ArcGIS Pro is a 64-bit GIS software that is the more modern version of ArcGIS Desktop. Unlike ArcGIS Desktop, the ArcCatalog and ArcMap functionalities are accessed through the same application, most commonly through the Catalog pane. The graphics requirements for ArcGIS Pro are considerably higher than for ArcGIS Desktop in order to support the upgraded visualization. ArcGIS Pro also supports streamlined workflows that involve publishing and consuming feature layers using ArcGIS Online. With the release of ArcGIS Pro 3.0 in June, 2022 all *.aprx project files can be read by version 3.0; however, if the project is saved it will render the project file to be incompatible with version 2.9.x and earlier.

ArcGIS Pro 1.0 was released in January 2015.

ArcGIS Pro 2.6 was released in July 2020. Noted features added included:

- Voxel layers are 3D representations of data over space and time and are saved in a netCDF file.
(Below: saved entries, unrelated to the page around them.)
text \<open>Invertibility in the corner \<open>e A e\<close>, witnessed in \<open>A\<close> by \<open>e + s h - (1 + s \<sigma>)\<close>, gives invertibility
  of \<open>h - \<sigma>\<close> in \<open>A\<close>: on \<open>1 - e\<close> the element \<open>h - \<sigma>\<close> acts as the nonzero scalar \<open>-\<sigma>\<close>.\<close>

lemma corner_invertible_el:
  assumes ee: "e * e = e" and eh: "e * h = h" "h * e = h" and s: "s \<noteq> 0" and sg: "\<sigma> \<noteq> 0"
    and inv: "invertible_el (e + sc s h - sc (1 + s * \<sigma>) 1)"
  shows "invertible_el (h - sc \<sigma> 1)"
proof -
  define M where "M = e + sc s h - sc (1 + s * \<sigma>) 1"
  obtain W where W: "W * M = 1" "M * W = 1" using inv unfolding invertible_el_def M_def by blast
  have "e * M = M * e" unfolding M_def
    by (simp add: algebra_simps ee eh sc_mult_left sc_mult_right)
  hence eW: "e * W = W * e" by (rule commute_with_inverse[OF W])
  have "h * M = M * h" unfolding M_def
    by (simp add: algebra_simps eh sc_mult_left sc_mult_right)
  hence hW: "h * W = W * h" by (rule commute_with_inverse[OF W])
  define H where "H = h - sc \<sigma> 1"
  define Z where "Z = sc s (W * e) - sc (1 / \<sigma>) (1 - e)"
  have Me: "M * e = sc s (H * e)" unfolding M_def H_def
    by (simp add: algebra_simps ee eh sc_mult_left sc_mult_right sc_diff_right sc_add_left sc_sc)
  have "H * (sc s (W * e)) = sc s (H * e * W)" by (simp add: sc_mult_right mult.assoc eW)
  also have "\<dots> = M * e * W" using Me by (simp add: sc_mult_left)
  also have "\<dots> = e" using W(2) eW by (metis mult.assoc mult_1_left)
  finally have A: "H * (sc s (W * e)) = e" .
  have "H * (1 - e) = - sc \<sigma> (1 - e)" unfolding H_def
    by (simp add: algebra_simps eh sc_mult_left sc_mult_right sc_diff_right)
  hence B: "H * sc (1 / \<sigma>) (1 - e) = - (1 - e)"
    using sg by (simp add: sc_mult_right sc_minus_right sc_sc)
  have HZ: "H * Z = 1" unfolding Z_def using A B by (simp add: right_diff_distrib)
  have "(W * e) * h = h * (W * e)" using eW eh hW by (metis mult.assoc)
  moreover have "(1 - e) * h = h * (1 - e)" by (simp add: algebra_simps eh)
  ultimately have "Z * h = h * Z" unfolding Z_def
    by (simp add: left_diff_distrib right_diff_distrib sc_mult_left sc_mult_right eh)
  hence "Z * H = H * Z" unfolding H_def
    by (simp add: left_diff_distrib right_diff_distrib sc_mult_left sc_mult_right)
  thus ?thesis unfolding invertible_el_def H_def[symmetric] using HZ by auto
qed

lemma corner_selfadj_eq_0:
  assumes ee: "e * e = e" and eh: "e * h = h" "h * e = h" and sa: "st h = h" and t: "t > 0"
    and plus: "norm (e + sc (complex_of_real t) h) \<le> 1"
    and minus: "norm (e - sc (complex_of_real t) h) \<le> 1"
  shows "h = 0"
proof (rule ccontr)
  assume h0: "h \<noteq> 0"
  obtain l where l: "\<not> invertible_el (1 - sc l h)"
    using selfadj_spectral_point[OF sa h0, of 2] by auto
  have l0: "l \<noteq> 0"
    using l unfolding invertible_el_def by (metis diff_zero mult_1_left sc_zero_left)
  define \<sigma> where "\<sigma> = 1 / l"
  have sg: "\<sigma> \<noteq> 0" using l0 unfolding \<sigma>_def by simp
  have bound: "cmod (1 + s * \<sigma>) \<le> 1" if s0: "s \<noteq> 0" and nM: "norm (e + sc s h) \<le> 1" for s
  proof (rule ccontr)
    assume "\<not> ?thesis"
    hence "invertible_el (e + sc s h - sc (1 + s * \<sigma>) 1)"
      using nM by (intro invertible_el_minus_scalar) simp
    hence "invertible_el (sc (- l) (h - sc \<sigma> 1))"
      using l0 by (intro invertible_el_sc corner_invertible_el[OF ee eh s0 sg]) auto
    also have "sc (- l) (h - sc \<sigma> 1) = 1 - sc l h"
      using l0 unfolding \<sigma>_def by (simp add: sc_diff_right sc_sc sc_minus_left)
    finally show False using l by simp
  qed
  have "cmod (1 + complex_of_real t * \<sigma>) \<le> 1" by (rule bound) (use t plus in auto)
  moreover have "cmod (1 + (- complex_of_real t) * \<sigma>) \<le> 1"
    by (rule bound) (use t minus in \<open>auto simp: sc_minus_left\<close>)
  ultimately have "complex_of_real t * \<sigma> = 0" by (intro complex_eq_0_of_cmod_one_pm) auto
  thus False using t sg by simp
qed

lemma norm_one_minus_sc_sum_proj_le:
  fixes t :: real
  assumes K: "finite K" and P: "\<And>k. k \<in> K \<Longrightarrow> is_proj (P k)"
    and t: "0 \<le> t" "t * card K \<le> 1"
  shows "norm (1 - sc (complex_of_real t) (\<Sum>k\<in>K. P k)) \<le> 1"
proof -
  have "1 - sc (complex_of_real t) (\<Sum>k\<in>K. P k)
      = sc (complex_of_real (1 - t * card K)) 1 + (\<Sum>k\<in>K. sc (complex_of_real t) (1 - P k))"
    by (simp add: sc_sum_right[symmetric] sum_subtractf sc_diff_right sc_diff_left
        sc_of_nat[symmetric] sc_sc mult.commute)
  also have "norm \<dots> \<le> (1 - t * card K) + (\<Sum>k\<in>K. t * 1)"
  proof (rule order_trans[OF norm_triangle_ineq add_mono])
    show "norm (sc (complex_of_real (1 - t * card K)) (1::'a)) \<le> 1 - t * card K"
      using t unfolding norm_sc_one norm_of_real by simp
    show "norm (\<Sum>k\<in>K. sc (complex_of_real t) (1 - P k)) \<le> (\<Sum>k\<in>K. t * 1)"
      using norm_proj_le_one[OF is_proj_one_minus[OF P]] t
      by (intro sum_norm_le) (simp add: norm_sc mult_left_le)
  qed
  finally show ?thesis by simp
qed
Voxel layers are used to visualize complex layers such as atmospheric and oceanic data or space-time cubes. These layers are used to analyze spatial patterns of data in specific situations. Voxel layers generally encompass extensive areas and slices can be used to delineate areas of the layer that need further analysis. Voxels can be shown with other geospatial data to further visualize the study area.
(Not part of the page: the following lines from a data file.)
(* Let $1\le d<n$ and $r=d(n-d)$. Let $\sigma_{\max}:=\sigma_{\mathfrak C_{\mathrm{left}}}\in\mathsf S_r$ and let $[e,\sigma_{\max}]_R=\{\sigma\in\mathsf S_r\mid e\le_R\sigma\le_R\sigma_{\max}\}$. Then the map $C(d,n)\to[e,\sigma_{\max}]_R$, $\mathfrak C\mapsto\sigma_{\mathfrak C}$, is well defined and is a bijection between the set $C(d,n)$ of all maximal chains in $I(d,n)$ and the interval $[e,\sigma_{\max}]_R$. Moreover, for $1\le t\le r-1$ and $\mathfrak C\in C(d,n)$: if $E_t(\mathfrak C)\neq0$ then $\sigma_{E_t(\mathfrak C)}=\sigma_{\mathfrak C}s_t$, and if $F_t(\mathfrak C)\neq 0$ then $\sigma_{F_t(\mathfrak C)}=\sigma_{\mathfrak C}s_t$.
   Context: $I(d,n)$ is the set of $d$-element subsets of $\{1,\dots,n\}$, written as increasing sequences $\underline i=i_1i_2\cdots i_d$ ($i_1<\dots<i_d$), partially ordered by $\underline i\le\underline j$ iff $i_k\le j_k$ for all $k$; the length is $\ell(\underline i)=\sum_h(i_h-h)$. $\underline i_{\min}=12\cdots d$, $\underline i_{\max}=(n-d+1)\cdots n$. A maximal chain is a totally ordered subset maximal under inclusion; every maximal chain has the form $\mathfrak C:\underline i_r>\underline i_{r-1}>\cdots>\underline i_0$ with $\ell(\underline i_t)=t$. $C(d,n)$ is the set of maximal chains. Rows are compared lexicographically ($\le_{lex}$), and chains are compared by comparing lexicographically the concatenated strings $\underline i_r\underline i_{r-1}\cdots\underline i_0$; $\mathfrak C_{\mathrm{right}}$ is the lexicographically smallest and $\mathfrak C_{\mathrm{left}}$ the lexicographically largest maximal chain. Root operators: for $1\le h\le d$ and $h\le s<n-d+h$, $f_{s,h}$ acts on $I(d,n)\sqcup\{0\}$ by $f_{s,h}(0)=0$ and $f_{s,h}(\underline i)$ = the row obtained by replacing $i_h=s$ by $s+1$ if $i_h=s$ and ($h=d$ or $i_{h+1}\ge s+2$), and $0$ otherwise. For a maximal chain $\underline i_r>\dots>\underline i_0$, each step satisfies $\underline i_t=f_{s_t,h_t}(\underline i_{t-1})$ for a unique pair, and each of the $r$ admissible pairs $(s,h)$ occurs exactly once. Writing $\tilde f_t:=f_{s_t,h_t}$ for the operators along $\mathfrak C_{\mathrm{right}}$, the permutation $\sigma_{\mathfrak C}\in\mathsf S_r$ of a maximal chain $\mathfrak C$ is defined by: the operator taking $\underline i_{t-1}$ to $\underline i_t$ in $\mathfrak C$ is $\tilde f_{\sigma_{\mathfrak C}(t)}$. Peaks and chain operators: for a maximal chain $\mathfrak C$ and $1\le t\le r-1$, the Bruhat interval $[\underline i_{t-1},\underline i_{t+1}]$ has 3 or 4 elements; if it has 4 elements $\{\underline i_{t-1},\underline i_t,\underline i'_t,\underline i_{t+1}\}$, $\underline i_t$ is a right peak if $\underline i'_t>_{lex}\underline i_t$ and a left peak if $\underline i_t>_{lex}\underline i'_t$. $F_t(\mathfrak C)$ is the chain obtained by replacing $\underline i_t$ by $\underline i'_t$ if $\underline i_t$ is a right peak, and $0$ otherwise; $E_t(\mathfrak C)$ is defined likewise with left peaks. $s_t=(t,t+1)\in\mathsf S_r$ are the simple transpositions, and $\le_R$ is the right weak Bruhat order: $u\le_R v$ iff some reduced word for $v$ has a reduced word for $u$ as initial substring. *)

theory Defs
  imports "HOL-Combinatorics.Combinatorics"
begin

type_synonym row = "nat list"

text \<open>A row i_1 i_2 ... i_d is the list [i_1,...,i_d] (entry i_h is at list index h-1).\<close>

definition Irows :: "nat \<Rightarrow> nat \<Rightarrow> row set" where
  "Irows d n = {i. length i = d \<and> sorted_wrt (<) i \<and> set i \<subseteq> {1..n}}"

definition row_le :: "row \<Rightarrow> row \<Rightarrow> bool" where
  "row_le i j \<longleftrightarrow> length i = length j \<and> (\<forall>k<length i. i ! k \<le> j ! k)"

definition row_len :: "row \<Rightarrow> nat" where
  "row_len i = (\<Sum>k<length i. i ! k - (k + 1))"

definition lex_less :: "nat list \<Rightarrow> nat list \<Rightarrow> bool" where
  "lex_less xs ys \<longleftrightarrow> (xs, ys) \<in> lexord {(a, b). a < b}"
- Trace networks are used to evaluate connectivity models like railroads. Edges and junctions along with network attributes are used to understand the movement of goods through the network. The connectedness of the network is established based on the concurrence of geometric features. Trace networks are used alongside network topology to make more tools available such as trace and validation.
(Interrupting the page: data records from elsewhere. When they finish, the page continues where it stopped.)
(* In the finite-sample setting, run the evaluation algorithm with $\rho_t=\widehat d_t^{\pi^\beta}$ and the finite-sample matrix estimation subroutine. There exists an absolute constant $C>0$ such that for $\delta\in(0,1)$, with probability at least $1-\delta$, \[ \big|\langle\rho_t,Z_t-Y_t\rangle\big|\le CH\sqrt{\frac{S\log(HS/\delta)}{K}}\qquad\text{for all }t\in[H]. \]
   Context: MDP: finite state space $\mathcal S$ ($S=|\mathcal S|$), finite action space $\mathcal A$ ($A=|\mathcal A|$), horizon $H$, transitions $P_t(\cdot\mid s,a)$, rewards $r_t:\mathcal S\times\mathcal A\to[0,1]$, initial distribution $\mu_1$; $\pi^\theta$ target and $\pi^\beta$ behavior policy. Functions on $\mathcal S\times\mathcal A$ are $S\times A$ matrices; $\langle X,Y\rangle=\sum_{s,a}X(s,a)Y(s,a)$. Finite-sample setting: $K$ independent trajectories $(s_t^k,a_t^k,r_t^k)$ generated by $\pi^\beta$; $n_t(s,a)=\sum_k\mathbb 1\{(s_t^k,a_t^k)=(s,a)\}$, $\widehat d_t^{\pi^\beta}=n_t/K$, $\widehat P_t(s'\mid s,a)=\frac1{n_t(s,a)}\sum_k\mathbb 1\{(s_t^k,a_t^k,s_{t+1}^k)=(s,a,s')\}$ for $n_t(s,a)>0$. Algorithm: $\widehat Q_{H+1}=0$; for $t=H,\dots,1$: $Z_t(s,a)=r_t(s,a)+\sum_{s',a'}\widehat P_t(s'\mid s,a)\pi^\theta_{t+1}(a'\mid s')\widehat Q_{t+1}(s',a')$ for $(s,a)\in\operatorname{supp}(\rho_t)$; $Y_t(s,a)=r_t(s,a)+\sum_{s',a'}P_t(s'\mid s,a)\pi^\theta_{t+1}(a'\mid s')\widehat Q_{t+1}(s',a')$; $\widehat Q_t$ a minimizer of $\|M\|_{\max}=\min_{M=UV^\top}\|U\|_{2\to\infty}\|V\|_{2\to\infty}$ ($\|\cdot\|_{2\to\infty}$ maximum row Euclidean norm) subject to $|\langle\rho_t,M-Z_t\rangle|\le|\langle\rho_t,Z_t-Y_t\rangle|$ and $\max_{s,a}|M(s,a)|\le H-t+1$. *)

theory Defs
  imports "HOL-Probability.Probability"
begin

(* States are 0..<S, actions are 0..<A (natural numbers), time steps 1..H.
   A trajectory is a list of (state, action) pairs for t = 1..H together with
   the final state s_{H+1}. *)

type_synonym traj = "(nat \<times> nat) list \<times> nat"

fun gen_traj :: "(nat \<Rightarrow> nat \<Rightarrow> nat pmf) \<Rightarrow> (nat \<Rightarrow> nat \<Rightarrow> nat \<Rightarrow> nat pmf)
    \<Rightarrow> nat \<Rightarrow> nat \<Rightarrow> nat \<Rightarrow> traj pmf" where
  "gen_traj pb P t 0 s = return_pmf ([], s)"
| "gen_traj pb P t (Suc n) s =
     bind_pmf (pb t s) (\<lambda>a. bind_pmf (P t s a) (\<lambda>s'.
       map_pmf (\<lambda>(xs, f). ((s, a) # xs, f)) (gen_traj pb P (Suc t) n s')))"

definition traj_pmf :: "nat pmf \<Rightarrow> (nat \<Rightarrow> nat \<Rightarrow> nat pmf) \<Rightarrow> (nat \<Rightarrow> nat \<Rightarrow> nat \<Rightarrow> nat pmf)
    \<Rightarrow> nat \<Rightarrow> traj pmf" where
  "traj_pmf mu pb P H = bind_pmf mu (\<lambda>s. gen_traj pb P 1 H s)"

definition sample_pmf :: "nat \<Rightarrow> nat pmf \<Rightarrow> (nat \<Rightarrow> nat \<Rightarrow> nat pmf) \<Rightarrow> (nat \<Rightarrow> nat \<Rightarrow> nat \<Rightarrow> nat pmf)
    \<Rightarrow> nat \<Rightarrow> (nat \<Rightarrow> traj) pmf" where
  "sample_pmf K mu pb P H = Pi_pmf {..<K} ([], 0) (\<lambda>_. traj_pmf mu pb P H)"

(* s_t and a_t of a trajectory, for t >= 1 *)
definition st :: "traj \<Rightarrow> nat \<Rightarrow> nat" where
  "st \<tau> t = (if t \<le> length (fst \<tau>) then fst (fst \<tau> ! (t - 1)) else snd \<tau>)"

definition act :: "traj \<Rightarrow> nat \<Rightarrow> nat" where
  "act \<tau> t = snd (fst \<tau> ! (t - 1))"

definition cnt :: "(nat \<Rightarrow> traj) \<Rightarrow> nat \<Rightarrow> nat \<Rightarrow> nat \<Rightarrow> nat \<Rightarrow> nat" where
  "cnt D K t s a = card {k \<in> {..<K}. st (D k) t = s \<and> act (D k) t = a}"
- Interactive suitability analysis using the new Suitability Modeler is a way to figure out an optimal location for a building project or other similar initiative. This is done by feeding the model with certain criteria to find areas that would be suitable for the project. The suitability modeler is an interactive way to visualize and assess the suitability model. The suitability modeler allows a user to see how each criterion changes the model and make a more educated decision for the project. Feedback is also given from the modeler to help the user understand the model better.
- Graphics layers store geometric features and do not need to be in a feature class to visualize. Graphics layers go on top of other layers on a map to better illustrate the purpose of the map. Graphics layers are used to add extra information to map such as text or highlight important features. There can be multiple graphics layers in a map and can be grouped together.
- Parcel adjustment using least squares adjustment is way to adjust parcel fabric to find the optimal position for parcel fabric points. The parcel fabric is a network that the distance of lines and angles between points. There are two types of least squares adjustment for parcel fabric. These are free network adjustment and weighted/constrained adjustment. Free network adjustment uses no control points and the layer is adjusted for the measurements to be most optimal, and Weighted/constrained adjustment uses control points and the layer is adjusted within the scope of the scope of the points. A least squares adjustment can be run after a new parcel-fabric is created or new data is added to an existing parcel fabric.
- Link analysis develops a network of connected of objects and determines the patterns that exist. Link analysis is done to find what patterns in a network are most important and finds new patterns that were previously unknown. Link analysis uses link charts to visualize the network. Link charts represent the objects in a network using nodes and these nodes can be people, buildings, or devices. Objects are usually moving such as people or vehicles, and link charts show how they interact with each other over both space and time. Link analysis is done to better understand the network. This is done by finding the shortest path between nodes, showing what nodes have the strongest connections, and finding the nodes that are nearest to each other.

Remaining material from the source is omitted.